Exercise details = Show each line of the entries below in which the word "verit" appears.

Material for this task =
· · · · ·
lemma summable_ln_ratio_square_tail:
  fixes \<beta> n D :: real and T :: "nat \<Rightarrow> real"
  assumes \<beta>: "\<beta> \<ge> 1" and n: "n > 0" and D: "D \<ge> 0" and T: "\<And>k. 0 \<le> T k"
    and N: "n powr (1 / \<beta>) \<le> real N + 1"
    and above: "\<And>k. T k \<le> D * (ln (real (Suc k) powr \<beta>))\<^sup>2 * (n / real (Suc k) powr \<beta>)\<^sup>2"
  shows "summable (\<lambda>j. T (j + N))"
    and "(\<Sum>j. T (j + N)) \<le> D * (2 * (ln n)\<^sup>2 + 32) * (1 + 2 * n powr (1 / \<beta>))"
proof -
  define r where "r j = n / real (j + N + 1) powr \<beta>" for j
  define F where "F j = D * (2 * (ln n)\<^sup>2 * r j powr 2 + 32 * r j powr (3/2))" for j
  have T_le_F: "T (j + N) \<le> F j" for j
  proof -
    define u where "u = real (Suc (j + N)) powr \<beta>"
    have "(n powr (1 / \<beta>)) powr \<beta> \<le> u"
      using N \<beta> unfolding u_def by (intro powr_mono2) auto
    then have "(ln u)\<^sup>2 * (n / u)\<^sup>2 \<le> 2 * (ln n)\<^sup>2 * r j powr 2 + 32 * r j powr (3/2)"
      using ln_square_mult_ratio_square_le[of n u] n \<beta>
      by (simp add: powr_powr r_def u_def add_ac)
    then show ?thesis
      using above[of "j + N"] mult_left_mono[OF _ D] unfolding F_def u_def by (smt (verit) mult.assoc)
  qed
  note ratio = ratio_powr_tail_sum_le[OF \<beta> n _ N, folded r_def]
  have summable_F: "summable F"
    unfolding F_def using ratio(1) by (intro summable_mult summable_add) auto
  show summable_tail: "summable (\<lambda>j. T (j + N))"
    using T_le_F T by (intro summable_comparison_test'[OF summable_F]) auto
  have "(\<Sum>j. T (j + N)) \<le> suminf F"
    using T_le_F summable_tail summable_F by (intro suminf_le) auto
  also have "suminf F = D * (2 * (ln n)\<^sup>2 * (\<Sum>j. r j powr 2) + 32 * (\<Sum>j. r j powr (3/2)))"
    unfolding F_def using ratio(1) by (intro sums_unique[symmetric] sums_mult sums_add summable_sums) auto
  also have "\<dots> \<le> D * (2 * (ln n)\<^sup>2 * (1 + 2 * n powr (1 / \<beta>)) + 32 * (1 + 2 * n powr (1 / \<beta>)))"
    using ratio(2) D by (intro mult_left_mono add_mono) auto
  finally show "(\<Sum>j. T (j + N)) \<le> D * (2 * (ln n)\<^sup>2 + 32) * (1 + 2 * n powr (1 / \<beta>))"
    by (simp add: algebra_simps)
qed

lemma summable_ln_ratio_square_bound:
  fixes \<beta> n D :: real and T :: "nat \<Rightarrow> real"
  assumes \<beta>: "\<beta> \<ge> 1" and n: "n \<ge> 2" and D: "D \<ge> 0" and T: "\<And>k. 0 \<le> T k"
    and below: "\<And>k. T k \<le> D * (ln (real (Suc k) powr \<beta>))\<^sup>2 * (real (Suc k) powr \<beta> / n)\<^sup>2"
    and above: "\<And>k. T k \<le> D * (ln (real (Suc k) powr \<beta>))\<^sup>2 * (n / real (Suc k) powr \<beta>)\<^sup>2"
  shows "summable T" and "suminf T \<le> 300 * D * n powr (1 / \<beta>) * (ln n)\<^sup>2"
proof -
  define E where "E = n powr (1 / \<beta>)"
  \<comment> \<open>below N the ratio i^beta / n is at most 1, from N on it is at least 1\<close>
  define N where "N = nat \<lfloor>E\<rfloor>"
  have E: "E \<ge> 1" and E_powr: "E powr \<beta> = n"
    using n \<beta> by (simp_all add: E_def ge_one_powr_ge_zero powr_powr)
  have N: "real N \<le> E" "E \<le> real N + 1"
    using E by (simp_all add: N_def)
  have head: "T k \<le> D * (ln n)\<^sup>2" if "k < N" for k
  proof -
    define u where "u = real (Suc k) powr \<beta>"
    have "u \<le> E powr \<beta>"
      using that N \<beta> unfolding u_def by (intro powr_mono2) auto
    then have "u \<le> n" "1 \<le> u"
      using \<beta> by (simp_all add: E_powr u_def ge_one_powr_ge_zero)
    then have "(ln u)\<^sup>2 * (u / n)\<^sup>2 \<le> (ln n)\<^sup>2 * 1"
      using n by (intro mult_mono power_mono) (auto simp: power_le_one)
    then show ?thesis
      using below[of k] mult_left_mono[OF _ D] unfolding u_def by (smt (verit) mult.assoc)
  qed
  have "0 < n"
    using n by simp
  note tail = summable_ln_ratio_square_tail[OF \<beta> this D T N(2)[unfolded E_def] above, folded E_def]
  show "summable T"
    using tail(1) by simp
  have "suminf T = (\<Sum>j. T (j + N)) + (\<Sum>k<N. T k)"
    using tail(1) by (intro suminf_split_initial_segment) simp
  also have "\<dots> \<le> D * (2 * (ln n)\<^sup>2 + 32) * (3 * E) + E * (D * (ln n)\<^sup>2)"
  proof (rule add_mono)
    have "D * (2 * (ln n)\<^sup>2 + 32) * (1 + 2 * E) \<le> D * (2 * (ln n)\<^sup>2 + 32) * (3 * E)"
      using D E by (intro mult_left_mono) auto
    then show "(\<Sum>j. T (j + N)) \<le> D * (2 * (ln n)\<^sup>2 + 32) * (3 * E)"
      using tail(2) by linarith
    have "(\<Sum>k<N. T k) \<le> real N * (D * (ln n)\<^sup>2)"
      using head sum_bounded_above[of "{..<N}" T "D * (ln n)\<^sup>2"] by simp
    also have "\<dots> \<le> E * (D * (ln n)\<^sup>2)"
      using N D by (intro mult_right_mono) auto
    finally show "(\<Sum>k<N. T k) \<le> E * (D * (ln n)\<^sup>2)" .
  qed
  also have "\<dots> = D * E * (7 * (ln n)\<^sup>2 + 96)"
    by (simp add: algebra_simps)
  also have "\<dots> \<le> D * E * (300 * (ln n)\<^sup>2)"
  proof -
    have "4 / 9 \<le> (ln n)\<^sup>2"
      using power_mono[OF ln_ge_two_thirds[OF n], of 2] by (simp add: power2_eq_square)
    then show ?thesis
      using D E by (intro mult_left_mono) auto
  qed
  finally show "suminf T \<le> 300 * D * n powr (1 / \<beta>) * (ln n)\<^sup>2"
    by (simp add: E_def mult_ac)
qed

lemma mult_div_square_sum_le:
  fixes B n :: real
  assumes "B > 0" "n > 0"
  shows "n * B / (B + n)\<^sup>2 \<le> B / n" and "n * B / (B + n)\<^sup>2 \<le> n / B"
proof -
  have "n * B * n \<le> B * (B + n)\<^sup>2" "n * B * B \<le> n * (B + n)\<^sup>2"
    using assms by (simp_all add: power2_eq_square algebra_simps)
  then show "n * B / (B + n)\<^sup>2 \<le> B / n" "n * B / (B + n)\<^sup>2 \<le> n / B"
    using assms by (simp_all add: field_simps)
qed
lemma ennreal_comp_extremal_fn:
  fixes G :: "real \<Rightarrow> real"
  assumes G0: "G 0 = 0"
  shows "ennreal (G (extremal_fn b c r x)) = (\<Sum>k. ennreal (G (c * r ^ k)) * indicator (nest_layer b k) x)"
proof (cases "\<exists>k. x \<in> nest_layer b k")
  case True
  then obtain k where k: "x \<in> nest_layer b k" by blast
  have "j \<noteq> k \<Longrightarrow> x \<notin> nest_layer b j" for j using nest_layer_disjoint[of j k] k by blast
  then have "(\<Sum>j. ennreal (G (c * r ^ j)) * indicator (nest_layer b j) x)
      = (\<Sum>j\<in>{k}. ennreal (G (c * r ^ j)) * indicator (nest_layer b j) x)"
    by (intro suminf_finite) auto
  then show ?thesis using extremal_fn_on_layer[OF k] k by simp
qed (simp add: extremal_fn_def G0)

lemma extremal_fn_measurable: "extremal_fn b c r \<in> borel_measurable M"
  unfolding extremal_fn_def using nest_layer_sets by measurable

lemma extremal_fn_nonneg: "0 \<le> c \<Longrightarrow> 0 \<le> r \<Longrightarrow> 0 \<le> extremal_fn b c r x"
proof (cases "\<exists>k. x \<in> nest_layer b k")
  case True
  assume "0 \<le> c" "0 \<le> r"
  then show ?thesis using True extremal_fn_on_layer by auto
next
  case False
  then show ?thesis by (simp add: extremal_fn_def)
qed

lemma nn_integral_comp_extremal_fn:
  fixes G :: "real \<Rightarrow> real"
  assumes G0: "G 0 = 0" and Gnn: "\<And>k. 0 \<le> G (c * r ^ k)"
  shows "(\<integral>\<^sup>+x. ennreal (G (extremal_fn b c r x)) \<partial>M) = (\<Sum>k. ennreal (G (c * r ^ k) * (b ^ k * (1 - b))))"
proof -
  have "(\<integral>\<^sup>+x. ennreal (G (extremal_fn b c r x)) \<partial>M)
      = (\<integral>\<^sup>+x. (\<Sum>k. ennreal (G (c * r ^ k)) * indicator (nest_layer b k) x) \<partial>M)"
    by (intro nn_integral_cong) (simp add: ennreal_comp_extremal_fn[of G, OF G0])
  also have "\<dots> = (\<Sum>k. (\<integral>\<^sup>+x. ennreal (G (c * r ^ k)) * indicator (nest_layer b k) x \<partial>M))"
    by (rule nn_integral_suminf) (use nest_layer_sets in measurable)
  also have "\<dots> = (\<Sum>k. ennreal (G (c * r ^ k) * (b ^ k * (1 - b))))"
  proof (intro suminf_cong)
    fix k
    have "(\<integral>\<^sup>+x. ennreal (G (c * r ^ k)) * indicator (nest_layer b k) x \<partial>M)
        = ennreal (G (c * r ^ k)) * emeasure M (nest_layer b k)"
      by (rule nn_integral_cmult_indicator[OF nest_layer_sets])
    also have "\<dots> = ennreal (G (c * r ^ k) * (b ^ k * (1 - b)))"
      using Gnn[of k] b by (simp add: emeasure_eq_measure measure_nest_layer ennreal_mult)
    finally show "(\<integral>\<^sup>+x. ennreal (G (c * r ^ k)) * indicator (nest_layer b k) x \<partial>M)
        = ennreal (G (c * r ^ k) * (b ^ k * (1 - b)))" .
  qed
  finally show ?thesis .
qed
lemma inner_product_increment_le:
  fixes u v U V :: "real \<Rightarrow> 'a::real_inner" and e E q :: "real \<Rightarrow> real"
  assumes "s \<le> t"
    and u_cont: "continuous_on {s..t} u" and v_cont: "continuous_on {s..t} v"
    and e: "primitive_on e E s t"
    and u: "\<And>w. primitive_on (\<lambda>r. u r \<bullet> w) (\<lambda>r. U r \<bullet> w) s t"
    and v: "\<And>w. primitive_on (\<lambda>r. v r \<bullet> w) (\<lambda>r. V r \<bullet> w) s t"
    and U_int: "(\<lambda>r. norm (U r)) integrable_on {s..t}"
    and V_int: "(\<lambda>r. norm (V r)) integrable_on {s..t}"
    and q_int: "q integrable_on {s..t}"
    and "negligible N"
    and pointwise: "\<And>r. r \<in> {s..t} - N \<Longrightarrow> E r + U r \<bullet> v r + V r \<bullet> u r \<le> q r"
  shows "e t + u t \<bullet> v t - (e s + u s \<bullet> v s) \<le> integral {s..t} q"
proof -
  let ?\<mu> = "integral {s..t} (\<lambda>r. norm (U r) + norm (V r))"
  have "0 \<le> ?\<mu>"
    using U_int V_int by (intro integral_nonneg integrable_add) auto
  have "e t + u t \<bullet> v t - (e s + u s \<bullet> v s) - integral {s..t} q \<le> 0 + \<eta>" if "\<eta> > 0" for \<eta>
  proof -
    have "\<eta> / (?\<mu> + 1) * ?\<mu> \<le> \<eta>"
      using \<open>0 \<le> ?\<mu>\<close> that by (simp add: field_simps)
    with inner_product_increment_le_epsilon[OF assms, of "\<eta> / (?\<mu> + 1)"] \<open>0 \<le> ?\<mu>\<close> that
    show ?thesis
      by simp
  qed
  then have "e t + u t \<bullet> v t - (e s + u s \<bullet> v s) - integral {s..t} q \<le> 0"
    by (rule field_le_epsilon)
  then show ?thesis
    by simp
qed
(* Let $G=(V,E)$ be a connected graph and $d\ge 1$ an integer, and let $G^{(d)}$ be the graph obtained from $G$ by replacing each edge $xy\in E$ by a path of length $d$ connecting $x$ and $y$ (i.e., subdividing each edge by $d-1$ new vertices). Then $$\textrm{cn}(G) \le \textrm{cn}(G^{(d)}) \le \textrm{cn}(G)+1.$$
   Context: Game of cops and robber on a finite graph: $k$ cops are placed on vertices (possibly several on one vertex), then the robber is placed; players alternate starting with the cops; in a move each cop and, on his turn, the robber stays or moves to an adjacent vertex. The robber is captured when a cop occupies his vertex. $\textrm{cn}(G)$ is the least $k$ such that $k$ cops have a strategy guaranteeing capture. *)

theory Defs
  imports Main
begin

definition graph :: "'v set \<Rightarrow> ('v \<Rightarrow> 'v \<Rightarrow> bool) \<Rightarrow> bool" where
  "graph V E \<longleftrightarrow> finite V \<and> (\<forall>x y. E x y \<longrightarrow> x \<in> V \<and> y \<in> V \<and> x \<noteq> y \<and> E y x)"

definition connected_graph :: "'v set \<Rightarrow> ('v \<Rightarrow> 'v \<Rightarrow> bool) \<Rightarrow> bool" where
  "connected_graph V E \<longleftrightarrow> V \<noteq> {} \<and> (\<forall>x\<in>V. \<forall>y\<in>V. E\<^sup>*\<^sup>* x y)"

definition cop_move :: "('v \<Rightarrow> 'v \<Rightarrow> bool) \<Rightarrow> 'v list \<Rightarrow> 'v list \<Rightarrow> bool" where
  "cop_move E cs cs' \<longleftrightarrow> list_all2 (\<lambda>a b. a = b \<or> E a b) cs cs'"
· · · · ·
Task solution =
      using above[of "j + N"] mult_left_mono[OF _ D] unfolding F_def u_def by (smt (verit) mult.assoc)
      using below[of k] mult_left_mono[OF _ D] unfolding u_def by (smt (verit) mult.assoc)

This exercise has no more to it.